» **WHAT TO DO**
Among the lines of the records, find all that carry the word "eright" and copy them.

**** AVAILABLE RECORDS

(* Let $I$ be a proper ideal of a monoid $M$. Then $\mathfrak{L}(\mathrm{Val},\mathrm{CF},M)=\mathfrak{L}(\mathrm{Val},\mathrm{CF},M/I)$.
   Context: An ideal of a monoid $M$ is $I\subseteq M$ with $MIM\subseteq I$; it is proper if $I\ne M$. The Rees quotient $M/I$ is the quotient of $M$ by the congruence $a\sim b$ iff $a=b$ or $a,b\in I$; its elements are $I$ and the singletons $\{x\}$, $x\in M\setminus I$, with identity $\{1\}$. A context-free valence grammar over a monoid $N$ is $(V,T,P,S,N)$ with nonterminals $V$, terminals $T$, start symbol $S\in V$ and a finite set $P$ of rules $(A\to\alpha,n)$ with $A\in V$, $\alpha\in(V\cup T)^*$, $n\in N$. One step: $(w_1Aw_2,m)\Rightarrow(w_1\alpha w_2,mn)$ for a rule $(A\to\alpha,n)$. The generated language is $\{w\in T^*:(S,1)\Rightarrow^*(w,1)\}$. $\mathfrak{L}(\mathrm{Val},\mathrm{CF},N)$ is the family of languages generated by context-free valence grammars over $N$. *)

theory Defs
  imports "HOL-Algebra.Group"
begin

definition monoid_ideal :: "('a, 'b) monoid_scheme \<Rightarrow> 'a set \<Rightarrow> bool" where
  "monoid_ideal M I \<longleftrightarrow> I \<subseteq> carrier M \<and>
     (\<forall>x\<in>carrier M. \<forall>i\<in>I. \<forall>y\<in>carrier M. x \<otimes>\<^bsub>M\<^esub> i \<otimes>\<^bsub>M\<^esub> y \<in> I)"

definition rees_class :: "'a set \<Rightarrow> 'a \<Rightarrow> 'a set" where
  "rees_class I x = (if x \<in> I then I else {x})"

text \<open>Multiplication of classes: multiply representatives (well defined since I is an ideal).\<close>
definition rees_quotient :: "('a, 'b) monoid_scheme \<Rightarrow> 'a set \<Rightarrow> 'a set monoid" where
  "rees_quotient M I =
     \<lparr> carrier = rees_class I ` carrier M,
       mult = (\<lambda>A B. rees_class I
                 (SOME c. \<exists>a\<in>A. \<exists>b\<in>B. c = a \<otimes>\<^bsub>M\<^esub> b)),
       one = rees_class I \<one>\<^bsub>M\<^esub> \<rparr>"

text \<open>A grammar is (V, T, P, S); nonterminals are natural numbers, terminals of type 't.
  Sentential forms are lists over nat + 't (Inl = nonterminal, Inr = terminal).
  A rule is (A, alpha, n).\<close>

type_synonym ('t, 'm) valence_grammar =
  "nat set \<times> 't set \<times> (nat \<times> (nat + 't) list \<times> 'm) set \<times> nat"

definition valence_grammar ::
  "('m, 'b) monoid_scheme \<Rightarrow> ('t, 'm) valence_grammar \<Rightarrow> bool" where
  "valence_grammar N G = (case G of (V, T, P, S) \<Rightarrow>
      finite V \<and> finite T \<and> S \<in> V \<and> finite P \<and>
      (\<forall>(A, \<alpha>, n) \<in> P. A \<in> V \<and> set \<alpha> \<subseteq> Inl ` V \<union> Inr ` T \<and> n \<in> carrier N))"

definition valence_step ::
  "('m, 'b) monoid_scheme \<Rightarrow> (nat \<times> (nat + 't) list \<times> 'm) set
     \<Rightarrow> (nat + 't) list \<times> 'm \<Rightarrow> (nat + 't) list \<times> 'm \<Rightarrow> bool" where
  "valence_step N P c c' \<longleftrightarrow>
     (\<exists>w1 A w2 \<alpha> n m. (A, \<alpha>, n) \<in> P \<and> c = (w1 @ Inl A # w2, m) \<and>
        c' = (w1 @ \<alpha> @ w2, m \<otimes>\<^bsub>N\<^esub> n))"

definition valence_lang ::
  "('m, 'b) monoid_scheme \<Rightarrow> ('t, 'm) valence_grammar \<Rightarrow> 't list set" where
  "valence_lang N G = (case G of (V, T, P, S) \<Rightarrow>
      {w. set w \<subseteq> T \<and>
          (valence_step N P)\<^sup>*\<^sup>* ([Inl S], \<one>\<^bsub>N\<^esub>) (map Inr w, \<one>\<^bsub>N\<^esub>)})"

definition Val_CF :: "('m, 'b) monoid_scheme \<Rightarrow> 't list set set" where
  "Val_CF N = {L. \<exists>G. valence_grammar N G \<and> L = valence_lang N G}"

end

theory Submission
  imports Defs
begin

text \<open>The class map \<open>rees_class I\<close> is a monoid homomorphism onto \<open>M/I\<close>, and because the
  complement of \<open>I\<close> is closed under taking factors, a computation over \<open>M/I\<close> that ends in the
  class of \<open>\<one>\<close> (which is a singleton, as \<open>\<one> \<notin> I\<close>) never passes through the zero class \<open>I\<close>.
  Hence replacing each rule value \<open>n\<close> by its class, and conversely lifting each class to its
  representatives outside \<open>I\<close>, preserves the generated language.\<close>

lemma monoid_ideal_mult_left:
  assumes "monoid M" "monoid_ideal M I" "x \<in> carrier M" "i \<in> I"
  shows "x \<otimes>\<^bsub>M\<^esub> i \<in> I"
proof -
  have "x \<otimes>\<^bsub>M\<^esub> i \<otimes>\<^bsub>M\<^esub> \<one>\<^bsub>M\<^esub> \<in> I"
    using assms unfolding monoid_ideal_def by blast
  moreover have "i \<in> carrier M" using assms(2,4) unfolding monoid_ideal_def by blast
  ultimately show ?thesis using assms(1,3) by (simp add: monoid.m_closed)
qed

lemma monoid_ideal_mult_right:
  assumes "monoid M" "monoid_ideal M I" "i \<in> I" "x \<in> carrier M"
  shows "i \<otimes>\<^bsub>M\<^esub> x \<in> I"
proof -
  have "\<one>\<^bsub>M\<^esub> \<otimes>\<^bsub>M\<^esub> i \<otimes>\<^bsub>M\<^esub> x \<in> I"
    using assms unfolding monoid_ideal_def by blast
  moreover have "i \<in> carrier M" using assms(2,3) unfolding monoid_ideal_def by blast
  ultimately show ?thesis using assms(1) by simp
qed

lemma monoid_ideal_one_notin:
  assumes "monoid M" "monoid_ideal M I" "I \<noteq> carrier M"
  shows "\<one>\<^bsub>M\<^esub> \<notin> I"
proof
  assume "\<one>\<^bsub>M\<^esub> \<in> I"
  then have "carrier M \<subseteq> I"
    using monoid_ideal_mult_left[OF assms(1,2)] assms(1) by (metis monoid.r_one subsetI)
  then show False using assms(2,3) unfolding monoid_ideal_def by blast
qed

lemma monoid_ideal_mult_notin:
  assumes "monoid M" "monoid_ideal M I" "a \<in> carrier M" "b \<in> carrier M"
    and "a \<otimes>\<^bsub>M\<^esub> b \<notin> I"
  shows "a \<notin> I" "b \<notin> I"
  using assms(5) monoid_ideal_mult_right[OF assms(1,2) _ assms(4)]
    monoid_ideal_mult_left[OF assms(1,2,3)] by blast+

lemma carrier_rees_quotient: "carrier (rees_quotient M I) = rees_class I ` carrier M"
  by (simp add: rees_quotient_def)

lemma one_rees_quotient: "\<one>\<^bsub>rees_quotient M I\<^esub> = rees_class I \<one>\<^bsub>M\<^esub>"
  by (simp add: rees_quotient_def)

lemma rees_class_eq_one:
  assumes "\<one>\<^bsub>M\<^esub> \<notin> I" "rees_class I m = rees_class I \<one>\<^bsub>M\<^esub>"
  shows "m = \<one>\<^bsub>M\<^esub>"
  using assms by (auto simp: rees_class_def split: if_splits)

lemma rees_class_mult:
  assumes "monoid M" "monoid_ideal M I" "a \<in> carrier M" "b \<in> carrier M"
  shows "rees_class I a \<otimes>\<^bsub>rees_quotient M I\<^esub> rees_class I b = rees_class I (a \<otimes>\<^bsub>M\<^esub> b)"
proof (cases "a \<in> I \<or> b \<in> I")
  case False
  then show ?thesis by (simp add: rees_quotient_def rees_class_def)
next
  case True
  let ?c = "SOME c. \<exists>x\<in>rees_class I a. \<exists>y\<in>rees_class I b. c = x \<otimes>\<^bsub>M\<^esub> y"
  have "\<exists>c. \<exists>x\<in>rees_class I a. \<exists>y\<in>rees_class I b. c = x \<otimes>\<^bsub>M\<^esub> y"
    by (auto simp: rees_class_def)
  from someI_ex[OF this] obtain x y where xy: "x \<in> rees_class I a" "y \<in> rees_class I b" "?c = x \<otimes>\<^bsub>M\<^esub> y"
    by blast
  have "I \<subseteq> carrier M" using assms(2) unfolding monoid_ideal_def by blast
  then have "x \<in> carrier M" "y \<in> carrier M"
    using xy(1,2) assms(3,4) by (auto simp: rees_class_def split: if_splits)
  then have "?c \<in> I"
    using True xy monoid_ideal_mult_left[OF assms(1,2)] monoid_ideal_mult_right[OF assms(1,2)]
    by (auto simp: rees_class_def)
  moreover have "a \<otimes>\<^bsub>M\<^esub> b \<in> I"
    using True monoid_ideal_mult_notin[OF assms] by blast
  ultimately show ?thesis by (simp add: rees_quotient_def rees_class_def)
qed
text \<open>Core of the moment asymptotics: for \<open>\<epsilon>\<^sub>n \<rightarrow> 0+\<close>,
  \<open>\<integral>\<^sub>0\<^sup>t\<^sup>0\<^sup>/\<^sup>\<epsilon> p\<^sup>k e\<^sup>-\<^sup>p h(\<epsilon> p)/h(\<epsilon>) dp \<rightarrow> \<Gamma>(\<beta>+k+1)\<close>, by dominated convergence: pointwise the ratio
  tends to \<open>p\<^sup>\<beta>\<close>, and Potter's upper bound provides the majorant.\<close>
lemma scaled_gamma_integral_limit:
  fixes h :: "real \<Rightarrow> real" and e :: "nat \<Rightarrow> real" and k :: nat
  assumes hm[measurable]: "h \<in> borel_measurable borel"
    and hrv: "\<And>p. 0 < p \<Longrightarrow> ((\<lambda>t. h (t * p) / h t) \<longlongrightarrow> p powr \<beta>) (at_right 0)"
    and t0: "t0 > 0" and hp: "\<forall>s\<in>{0<..t0}. 0 < h s"
    and pu: "\<forall>s\<in>{0<..t0}. \<forall>t\<in>{0<..t0}. h s / h t \<le> exp 1 * ((s/t) powr (\<beta>+1) + (s/t) powr (\<beta>-1))"
    and \<beta>: "\<beta> > 0"
    and epos: "\<And>n. e n > 0" and ele: "\<And>n. e n \<le> t0" and elim: "e \<longlonglongrightarrow> 0"
  shows "(\<lambda>n. integral\<^sup>L lborel (\<lambda>p. indicator {0<..t0 / e n} p * (p ^ k * exp (- p) * (h (e n * p) / h (e n)))))
           \<longlonglongrightarrow> Gamma (\<beta> + k + 1)"
proof -
  define S where "S n p = indicator {0<..t0 / e n} p * (p ^ k * exp (- p) * (h (e n * p) / h (e n)))" for n p
  define \<Phi> where "\<Phi> p = indicator {0..} p * (p powr (\<beta> + k + 1 - 1) / exp p)" for p :: real
  define W where "W p = indicator {0..} p * (exp 1 * (p powr (\<beta> + k + 1) / exp p + p powr (\<beta> + k - 1) / exp p))" for p :: real
  have eright: "filterlim e (at_right 0) sequentially"
    using elim epos by (intro tendsto_imp_filterlim_at_right) (auto intro: always_eventually)
  have \<Phi>int: "integral\<^sup>L lborel \<Phi> = Gamma (\<beta> + k + 1)"
    using Gamma_set_integral(2)[of "\<beta> + k + 1"] \<beta> by (simp add: \<Phi>_def[abs_def] set_lebesgue_integral_def)
  have lim: "(\<lambda>n. S n p) \<longlonglongrightarrow> \<Phi> p" for p
  proof (cases "p > 0")
    case False
    then have "S n p = 0" for n by (auto simp: S_def)
    moreover have "\<Phi> p = 0" using False by (cases "p = 0") (auto simp: \<Phi>_def)
    ultimately show ?thesis by simp
  next
    case True
    have r: "(\<lambda>n. h (e n * p) / h (e n)) \<longlonglongrightarrow> p powr \<beta>"
      using filterlim_compose[OF hrv[OF True] eright] .
    have "\<forall>\<^sub>F n in sequentially. S n p = p ^ k * exp (- p) * (h (e n * p) / h (e n))"
    proof -
      have "\<forall>\<^sub>F n in sequentially. e n < t0 / p"
        using order_tendstoD(2)[OF elim, of "t0 / p"] t0 True by simp
      then show ?thesis
      proof eventually_elim
        case (elim n)
        then have "p \<le> t0 / e n" using epos[of n] True by (simp add: field_simps)
      then show ?case using True by (simp add: S_def)
      qed
    qed
    moreover have "(\<lambda>n. p ^ k * exp (- p) * (h (e n * p) / h (e n))) \<longlonglongrightarrow> p ^ k * exp (- p) * p powr \<beta>"
      by (intro tendsto_intros r)
    moreover have "p ^ k * exp (- p) * p powr \<beta> = \<Phi> p"
      using True by (simp add: \<Phi>_def powr_add powr_realpow[symmetric] exp_minus field_simps)
    ultimately show ?thesis by (simp add: tendsto_cong)
  qed
  have bound: "norm (S n p) \<le> W p" for n p
  proof (cases "p \<in> {0<..t0 / e n}")
    case False
    then show ?thesis by (simp add: S_def W_def)
  next
    case True
    have p: "p > 0" "e n * p \<le> t0" using True epos[of n] by (auto simp: field_simps)
    have s: "e n * p \<in> {0<..t0}" and t: "e n \<in> {0<..t0}" using p epos[of n] ele[of n] by auto
    have "h (e n * p) > 0" "h (e n) > 0" using hp s t by auto
    then have "norm (S n p) = p ^ k * exp (- p) * (h (e n * p) / h (e n))"
      using True p by (simp add: S_def abs_mult)
    also have "\<dots> \<le> p ^ k * exp (- p) * (exp 1 * (p powr (\<beta>+1) + p powr (\<beta>-1)))"
      using pu[rule_format, OF s t] epos[of n] p by (intro mult_left_mono) auto
    also have "\<dots> = W p"
      using p by (simp add: W_def powr_add powr_diff powr_realpow[symmetric] exp_minus field_simps)
    finally show ?thesis .
  qed
  have "(\<lambda>n. integral\<^sup>L lborel (S n)) \<longlonglongrightarrow> integral\<^sup>L lborel \<Phi>"
  proof (rule integral_dominated_convergence[where w = W])
    show "\<Phi> \<in> borel_measurable lborel" unfolding \<Phi>_def by measurable
    show "S n \<in> borel_measurable lborel" for n unfolding S_def by measurable
    show "integrable lborel W"
      unfolding W_def[abs_def] using gamma_majorant_integrable[of "\<beta> + k"] \<beta> by simp
  qed (use lim bound in \<open>auto intro: always_eventually\<close>)
  then show ?thesis using \<Phi>int by (simp add: S_def[abs_def])
qed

********

» **TASK RESPONSE**
  have eright: "filterlim e (at_right 0) sequentially"
      using filterlim_compose[OF hrv[OF True] eright] .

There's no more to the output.